PROMPT | Copy every line in the listing that contains "there".
───── DATA EXCERPTS ─────
(* Let $k$ be a positive integer, $G$ a graph and $K$ a subgraph of $G$ with the following property: for every $s\ge1$, every cover $H$ of $G$ with respect to $L(v)=\{1,\dots,s\}$ for all $v$, and every $F=(f_1,\dots,f_s)$ with $f_i:V(G)\to\mathbb{Z}_{\ge0}$ and $|f(v)|\ge k$ for every vertex $v$, each DP-$F$-coloring of $K$ (with respect to the restriction of $H$ to the vertices over $V(K)$) can be extended to a DP-$F$-coloring of $(G,H)$. Let $H$ and $F$ be such a cover and such a function, and let $R_1$ be a DP-$F$-coloring of $K$. Then there exists a DP-$F$-coloring of $(G,H)$ with a strictly $F$-degenerate order $S$ such that the $|R_1|$ lowest-ordered elements of $S$ are the elements of $R_1$.
   Context: $|f(v)|=f_1(v)+\cdots+f_s(v)$. A cover $H$ of $G$ w.r.t. $L$ has vertex set $\{(u,c):c\in L(u)\}$, each $\{u\}\times L(u)$ is a clique, for each edge $uv$ the edges between $\{u\}\times L(u)$ and $\{v\}\times L(v)$ form a matching, and there are no such edges for non-adjacent $u,v$. A representative set contains exactly one vertex of each $\{v\}\times L(v)$. A DP-$F$-coloring is a representative set $R$ together with an ordering of $R$ (a strictly $F$-degenerate order) in which each $(v,i)\in R$ has fewer than $f_i(v)$ $H$-neighbors among earlier elements of $R$; extending a coloring means finding a DP-$F$-coloring of $(G,H)$ containing it. *)

theory Defs
  imports Main
begin

definition graph :: "'a set \<Rightarrow> ('a \<Rightarrow> 'a \<Rightarrow> bool) \<Rightarrow> bool" where
  "graph V E \<longleftrightarrow> finite V \<and> (\<forall>u v. E u v \<longrightarrow> u \<in> V \<and> v \<in> V \<and> u \<noteq> v \<and> E v u)"
lemma poly_map_poly_of_rat_eq_sum:
  assumes "degree p \<le> m"
  shows "poly (map_poly (of_rat :: rat \<Rightarrow> 'a :: field_char_0) p) x = (\<Sum>i\<le>m. of_rat (coeff p i) * x ^ i)"
proof -
  have "poly (map_poly (of_rat :: rat \<Rightarrow> 'a) p) x = (\<Sum>i\<le>degree p. of_rat (coeff p i) * x ^ i)"
    by (simp add: poly_altdef coeff_map_poly degree_map_poly)
  also have "\<dots> = (\<Sum>i\<le>m. of_rat (coeff p i) * x ^ i)"
    by (rule sum.mono_neutral_left) (use assms le_degree in auto)
  finally show ?thesis .
qed

lemma is_min_poly_exists:
  assumes "p \<noteq> 0" "poly (map_poly of_rat p) \<theta> = 0"
  shows "\<exists>f. is_min_poly \<theta> f"
proof -
  let ?root = "\<lambda>g::rat poly. g \<noteq> 0 \<and> poly (map_poly of_rat g) \<theta> = 0"
  obtain g where g: "?root g" and least: "\<And>h. ?root h \<Longrightarrow> degree g \<le> degree h"
    using ex_has_least_nat[of ?root p degree] assms by blast
  define f where "f = smult (inverse (lead_coeff g)) g"
  have "lead_coeff g \<noteq> 0" using g by simp
  then have "f \<noteq> 0" "lead_coeff f = 1" "degree f = degree g"
    "poly (map_poly of_rat f) \<theta> = 0"
    using g by (simp_all add: f_def map_poly_smult of_rat_mult)
  then have "is_min_poly \<theta> f" using least by (simp add: is_min_poly_def)
  then show ?thesis ..
qed

lemma is_min_poly_dvd:
  assumes f: "is_min_poly \<theta> f" and p: "poly (map_poly of_rat p) \<theta> = 0"
  shows "f dvd p"
proof -
  have "poly (map_poly of_rat f) \<theta> = 0" using f by (simp add: is_min_poly_def)
  moreover have "p = f * (p div f) + p mod f" by simp
  ultimately have "poly (map_poly of_rat (p mod f)) \<theta> = 0"
    using p by (metis map_poly_of_rat_add map_poly_of_rat_mult poly_add poly_mult mult_zero_left add_0)
  moreover have "degree (p mod f) < degree f" if "p mod f \<noteq> 0"
    using f that degree_mod_less' by (auto simp: is_min_poly_def)
  ultimately have "p mod f = 0" using f unfolding is_min_poly_def by (meson not_less)
  then show ?thesis by (simp add: mod_eq_0_iff_dvd)
qed

lemma poly_seq_op_eq_sum:
  assumes "degree g \<le> m"
  shows "poly_seq_op g r n = (\<Sum>i\<le>m. coeff g i * of_nat (r (n + i)))"
  unfolding poly_seq_op_def
  by (rule sum.mono_neutral_left) (use assms le_degree in auto)

lemma poly_seq_op_0 [simp]: "poly_seq_op 0 r n = 0"
  by (simp add: poly_seq_op_def)

lemma poly_seq_op_add: "poly_seq_op (g + h) r n = poly_seq_op g r n + poly_seq_op h r n"
  using degree_add_le[of g "max (degree g) (degree h)" h]
  by (simp add: poly_seq_op_eq_sum[of _ "max (degree g) (degree h)"] distrib_right sum.distrib)

lemma poly_seq_op_smult: "poly_seq_op (smult c g) r n = c * poly_seq_op g r n"
  using degree_smult_le[of c g]
  by (simp add: poly_seq_op_eq_sum[of _ "degree g"] sum_distrib_left mult.assoc)

lemma poly_seq_op_pCons_0: "poly_seq_op (pCons 0 g) r n = poly_seq_op g r (Suc n)"
proof -
  have "poly_seq_op (pCons 0 g) r n = (\<Sum>i\<le>Suc (degree g). coeff (pCons 0 g) i * of_nat (r (n + i)))"
    by (rule poly_seq_op_eq_sum) (simp add: degree_pCons_le)
  also have "\<dots> = poly_seq_op g r (Suc n)"
    by (subst sum.atMost_Suc_shift) (simp add: poly_seq_op_def)
  finally show ?thesis .
qed

lemma poly_seq_op_mult_eq_0:
  assumes "\<And>n. poly_seq_op f r n = 0"
  shows "poly_seq_op (q * f) r n = 0"
  by (induction q arbitrary: n rule: pCons_induct)
    (simp_all add: mult_pCons_left poly_seq_op_add poly_seq_op_smult poly_seq_op_pCons_0 assms)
─────
ANSWER SECTION |
(* Let $k$ be a positive integer, $G$ a graph and $K$ a subgraph of $G$ with the following property: for every $s\ge1$, every cover $H$ of $G$ with respect to $L(v)=\{1,\dots,s\}$ for all $v$, and every $F=(f_1,\dots,f_s)$ with $f_i:V(G)\to\mathbb{Z}_{\ge0}$ and $|f(v)|\ge k$ for every vertex $v$, each DP-$F$-coloring of $K$ (with respect to the restriction of $H$ to the vertices over $V(K)$) can be extended to a DP-$F$-coloring of $(G,H)$. Let $H$ and $F$ be such a cover and such a function, and let $R_1$ be a DP-$F$-coloring of $K$. Then there exists a DP-$F$-coloring of $(G,H)$ with a strictly $F$-degenerate order $S$ such that the $|R_1|$ lowest-ordered elements of $S$ are the elements of $R_1$.
   Context: $|f(v)|=f_1(v)+\cdots+f_s(v)$. A cover $H$ of $G$ w.r.t. $L$ has vertex set $\{(u,c):c\in L(u)\}$, each $\{u\}\times L(u)$ is a clique, for each edge $uv$ the edges between $\{u\}\times L(u)$ and $\{v\}\times L(v)$ form a matching, and there are no such edges for non-adjacent $u,v$. A representative set contains exactly one vertex of each $\{v\}\times L(v)$. A DP-$F$-coloring is a representative set $R$ together with an ordering of $R$ (a strictly $F$-degenerate order) in which each $(v,i)\in R$ has fewer than $f_i(v)$ $H$-neighbors among earlier elements of $R$; extending a coloring means finding a DP-$F$-coloring of $(G,H)$ containing it. *)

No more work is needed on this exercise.